[Stored data]
####
lemma span2_insert:
  assumes "finite B" "v \<notin> B"
  shows "span2 (insert v B) = span2 B \<union> (\<lambda>s. s + v) ` span2 B"
proof -
  have "lincomb (insert v B) c \<in> span2 B \<union> (\<lambda>s. s + v) ` span2 B" for c
  proof (cases "c v = 0")
    case True
    then show ?thesis
      using assms by (simp add: lincomb_insert span2_eq_range_lincomb zero_fun_def[symmetric])
  next
    case False
    then have "lincomb (insert v B) c = lincomb B c + v"
      using assms by (simp add: lincomb_insert add.commute)
    then show ?thesis
      by (simp add: span2_eq_range_lincomb)
  qed
  moreover have "(\<lambda>i. a * v i) + lincomb B c = lincomb (insert v B) (c(v := a))" for a c
    using assms by (simp add: lincomb_insert lincomb_fun_upd)
  from this[of 0] this[of 1]
  have "span2 B \<union> (\<lambda>s. s + v) ` span2 B \<subseteq> span2 (insert v B)"
    by (auto simp: span2_eq_range_lincomb add.commute zero_fun_def[symmetric])
  ultimately show ?thesis
    by (auto simp: span2_eq_range_lincomb)
qed

lemma span2_superset:
  assumes "finite B"
  shows "B \<subseteq> span2 B"
proof
  fix v assume "v \<in> B"
  then have "span2 B = span2 (B - {v}) \<union> (\<lambda>s. s + v) ` span2 (B - {v})"
    using span2_insert[of "B - {v}" v] assms by (simp add: insert_absorb)
  then show "v \<in> span2 B"
    using span2_zero[of "B - {v}"] by force
qed

lemma finite_span2: "finite B \<Longrightarrow> finite (span2 B)"
  by (induction B rule: finite_induct) (simp_all add: span2_insert)

lemma span2_subset:
  assumes "finite B" "B \<subseteq> D" "lin_code S D"
  shows "span2 B \<subseteq> D"
  using assms
  by (induction B rule: finite_induct) (auto simp: span2_insert lin_code_zero lin_code_add)

lemma indep2_insert:
  assumes "finite B" "v \<notin> B"
  shows "indep2 (insert v B) \<longleftrightarrow> indep2 B \<and> v \<notin> span2 B"
proof
  assume indep: "indep2 (insert v B)"
  have "c b = 0" if "lincomb B c = 0" "b \<in> B" for c b
  proof -
    have "lincomb (insert v B) (c(v := 0)) = 0"
      using that(1) assms by (simp add: lincomb_insert lincomb_fun_upd zero_fun_def)
    then have "(c(v := 0)) b = 0"
      using indep that(2) unfolding indep2_iff_lincomb by blast
    then show ?thesis
      using that(2) assms(2) by (auto split: if_splits)
  qed
  moreover have "lincomb B c \<noteq> v" for c
  proof
    assume "lincomb B c = v"
    then have "lincomb (insert v B) (c(v := 1)) = 0"
      using assms by (simp add: lincomb_insert lincomb_fun_upd)
    then have "(c(v := 1)) v = 0"
      using indep unfolding indep2_iff_lincomb by blast
    then show False
      by simp
  qed
  ultimately show "indep2 B \<and> v \<notin> span2 B"
    unfolding indep2_iff_lincomb span2_eq_range_lincomb by blast
next
  assume indep: "indep2 B \<and> v \<notin> span2 B"
  have "\<forall>b\<in>insert v B. c b = 0" if c: "lincomb (insert v B) c = 0" for c
  proof -
    have "c v = 0"
    proof (rule ccontr)
      assume "c v \<noteq> 0"
      then have "v = lincomb B c"
        using c assms by (simp add: lincomb_insert fun_bit_add_eq_0_iff)
      then show False
        using indep by (simp add: span2_eq_range_lincomb)
    qed
    moreover from this have "lincomb B c = 0"
      using c assms by (simp add: lincomb_insert zero_fun_def[symmetric])
    ultimately show ?thesis
      using indep unfolding indep2_iff_lincomb by blast
  qed
  then show "indep2 (insert v B)"
    unfolding indep2_iff_lincomb by blast
qed

lemma card_span2:
  assumes "finite B" "indep2 B"
  shows "card (span2 B) = 2 ^ card B"
  using assms
proof (induction B rule: finite_induct)
  case empty
  then show ?case by simp
next
  case (insert v B)
  then have "indep2 B" "v \<notin> span2 B"
    using indep2_insert by blast+
  then show ?case
    using insert card_Un_translate[OF finite_span2[OF insert(1)] span2_add] by (simp add: span2_insert)
qed
lemma sum_Inl_Inr_option:
  assumes "finite C" "finite I"
  shows "(\<Sum>r\<in>Inl ` C \<union> Inr ` insert None (Some ` I). f r)
    = (\<Sum>c\<in>C. f (Inl c)) + f (Inr None) + (\<Sum>i\<in>I. f (Inr (Some i)))"
proof -
  have "Inl ` C \<union> Inr ` insert None (Some ` I) = insert (Inr None) (Inl ` C \<union> Inr ` Some ` I)"
    by auto
  moreover have "(\<Sum>r\<in>insert (Inr None) (Inl ` C \<union> Inr ` Some ` I). f r)
      = f (Inr None) + (\<Sum>r\<in>Inl ` C \<union> Inr ` Some ` I. f r)"
    using assms by (intro sum.insert) auto
  moreover have "(\<Sum>r\<in>Inl ` C \<union> Inr ` Some ` I. f r) = (\<Sum>r\<in>Inl ` C. f r) + (\<Sum>r\<in>Inr ` Some ` I. f r)"
    using assms by (intro sum.union_disjoint) auto
  ultimately show ?thesis
    by (simp add: sum.reindex inj_on_def add_ac)
qed

text \<open>Feasibility over the simplex is tested with the homogeneous system x \<ge> 0, sum x C \<ge> 1,
  (\<Sum>c\<in>C. (M i c - \<beta> i) * x c) \<le> 0; its Farkas certificates are what the hypothesis rules out.\<close>

lemma simplex_lp_duality:
  fixes M :: "'i \<Rightarrow> 'c \<Rightarrow> real" and \<beta> :: "'i \<Rightarrow> real"
  assumes "finite C" "finite I"
    and dual: "\<And>w. \<forall>i\<in>I. 0 \<le> w i \<Longrightarrow> \<exists>q. (\<forall>c\<in>C. 0 \<le> q c) \<and> sum q C = 1 \<and>
      (\<Sum>i\<in>I. w i * (\<Sum>c\<in>C. M i c * q c)) \<le> (\<Sum>i\<in>I. w i * \<beta> i)"
  shows "\<exists>p. (\<forall>c\<in>C. 0 \<le> p c) \<and> sum p C = 1 \<and> (\<forall>i\<in>I. (\<Sum>c\<in>C. M i c * p c) \<le> \<beta> i)"
proof -
  define J :: "('c + 'i option) set" where "J = Inl ` C \<union> Inr ` insert None (Some ` I)"
  define A :: "'c + 'i option \<Rightarrow> 'c \<Rightarrow> real" where
    "A r j = (case r of Inl c \<Rightarrow> - of_bool (j = c) | Inr None \<Rightarrow> -1 | Inr (Some i) \<Rightarrow> M i j - \<beta> i)"
    for r j
  define b :: "'c + 'i option \<Rightarrow> real" where "b r = (case r of Inr None \<Rightarrow> -1 | _ \<Rightarrow> 0)" for r
  have J_mem: "Inl c \<in> J \<longleftrightarrow> c \<in> C" "Inr None \<in> J" "Inr (Some i) \<in> J \<longleftrightarrow> i \<in> I" for c i
    by (auto simp: J_def)
  have sum_J: "(\<Sum>r\<in>J. f r) = (\<Sum>c\<in>C. f (Inl c)) + f (Inr None) + (\<Sum>i\<in>I. f (Inr (Some i)))" for f
    unfolding J_def by (rule sum_Inl_Inr_option[OF assms(1,2)])
  have row: "(\<Sum>j\<in>C. A r j * x j) = (case r of Inl c \<Rightarrow> - x c | Inr None \<Rightarrow> - sum x C
      | Inr (Some i) \<Rightarrow> (\<Sum>j\<in>C. M i j * x j) - \<beta> i * sum x C)" if "r \<in> J" for r x
    using that assms(1)
    by (auto simp: J_def A_def sum_negf left_diff_distrib sum_subtractf sum_distrib_left)
  have "finite J"
    using assms(1,2) by (simp add: J_def)
  from farkas[OF assms(1) this, of A b] show ?thesis
  proof (elim disjE exE)
    fix x assume x: "\<forall>r\<in>J. (\<Sum>j\<in>C. A r j * x j) \<le> b r"
    have "0 \<le> x c" if "c \<in> C" for c
      using x[rule_format, of "Inl c"] that by (simp add: J_mem row b_def)
    moreover have "1 \<le> sum x C"
      using x[rule_format, of "Inr None"] by (simp add: J_mem row b_def)
    moreover have "(\<Sum>c\<in>C. M i c * x c) \<le> \<beta> i * sum x C" if "i \<in> I" for i
      using x[rule_format, of "Inr (Some i)"] that by (simp add: J_mem row b_def)
    ultimately show ?thesis
      by (intro exI[of _ "\<lambda>c. x c / sum x C"])
        (auto simp: divide_simps simp flip: sum_divide_distrib)
  next
    fix y assume y: "(\<forall>r\<in>J. 0 \<le> y r) \<and> (\<forall>j\<in>C. (\<Sum>r\<in>J. y r * A r j) = 0) \<and> (\<Sum>r\<in>J. y r * b r) < 0"
    define w where "w i = y (Inr (Some i))" for i
    obtain q where q: "\<forall>c\<in>C. 0 \<le> q c" "sum q C = 1"
      and q_dual: "(\<Sum>i\<in>I. w i * (\<Sum>c\<in>C. M i c * q c)) \<le> (\<Sum>i\<in>I. w i * \<beta> i)"
      using dual[of w] y by (auto simp: w_def J_mem)
    have "0 = (\<Sum>j\<in>C. q j * (\<Sum>r\<in>J. y r * A r j))"
      using y by simp
    also have "\<dots> = (\<Sum>r\<in>J. y r * (\<Sum>j\<in>C. A r j * q j))"
      unfolding sum_distrib_left by (subst sum.swap) (simp add: ac_simps)
    also have "\<dots> = - (\<Sum>c\<in>C. y (Inl c) * q c) - y (Inr None) +
        ((\<Sum>i\<in>I. w i * (\<Sum>c\<in>C. M i c * q c)) - (\<Sum>i\<in>I. w i * \<beta> i))"
      using q(2) by (simp add: sum_J row J_mem w_def sum_negf right_diff_distrib sum_subtractf)
    also have "\<dots> < 0"
    proof -
      have "0 \<le> (\<Sum>c\<in>C. y (Inl c) * q c)"
        using q(1) y by (intro sum_nonneg) (auto simp: J_mem)
      moreover have "0 < y (Inr None)"
        using y by (simp add: sum_J b_def)
      ultimately show ?thesis
        using q_dual by linarith
    qed
    finally show ?thesis by simp
  qed
qed

lemma strict_linear_order_on_subset:
  "strict_linear_order_on C R \<Longrightarrow> D \<subseteq> C \<Longrightarrow> strict_linear_order_on D R"
  unfolding strict_linear_order_on_def by blast

lemma strict_linear_order_on_asym:
  "strict_linear_order_on C R \<Longrightarrow> a \<in> C \<Longrightarrow> b \<in> C \<Longrightarrow> R a b \<Longrightarrow> \<not> R b a"
  unfolding strict_linear_order_on_def by blast

lemma strict_linear_order_on_trans:
  "strict_linear_order_on C R \<Longrightarrow> a \<in> C \<Longrightarrow> b \<in> C \<Longrightarrow> c \<in> C \<Longrightarrow> R a b \<Longrightarrow> R b c \<Longrightarrow> R a c"
  unfolding strict_linear_order_on_def by blast

lemma strict_linear_order_on_has_top:
  assumes "finite D" "D \<noteq> {}" "strict_linear_order_on D R"
  shows "\<exists>x\<in>D. \<forall>c\<in>D - {x}. R x c"
  using assms
proof (induction D rule: finite_ne_induct)
  case (singleton x)
  then show ?case by auto
next
  case (insert y F)
  have order: "strict_linear_order_on (insert y F) R"
    by fact
  obtain x where x: "x \<in> F" "\<forall>c\<in>F - {x}. R x c"
    using insert.IH strict_linear_order_on_subset[OF order] by blast
  have "y \<noteq> x"
    using x insert.hyps by auto
  then have "R x y \<or> R y x"
    using order x(1) unfolding strict_linear_order_on_def by blast
  then show ?case
  proof
    assume "R y x"
    then have "\<forall>c\<in>insert y F - {y}. R y c"
      using x strict_linear_order_on_trans[OF order, of y x] by auto
    then show ?thesis by blast
  next
    assume "R x y"
    then show ?thesis
      using x by blast
  qed
qed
####
Scan the lines above for "p c) \<and>" and for "option \<Rightarrow> 'c". Repeat exactly the line holding each of them and every line in between.

[SOLUTION TO THE PROBLEM]
  shows "\<exists>p. (\<forall>c\<in>C. 0 \<le> p c) \<and> sum p C = 1 \<and> (\<forall>i\<in>I. (\<Sum>c\<in>C. M i c * p c) \<le> \<beta> i)"
proof -
  define J :: "('c + 'i option) set" where "J = Inl ` C \<union> Inr ` insert None (Some ` I)"
  define A :: "'c + 'i option \<Rightarrow> 'c \<Rightarrow> real" where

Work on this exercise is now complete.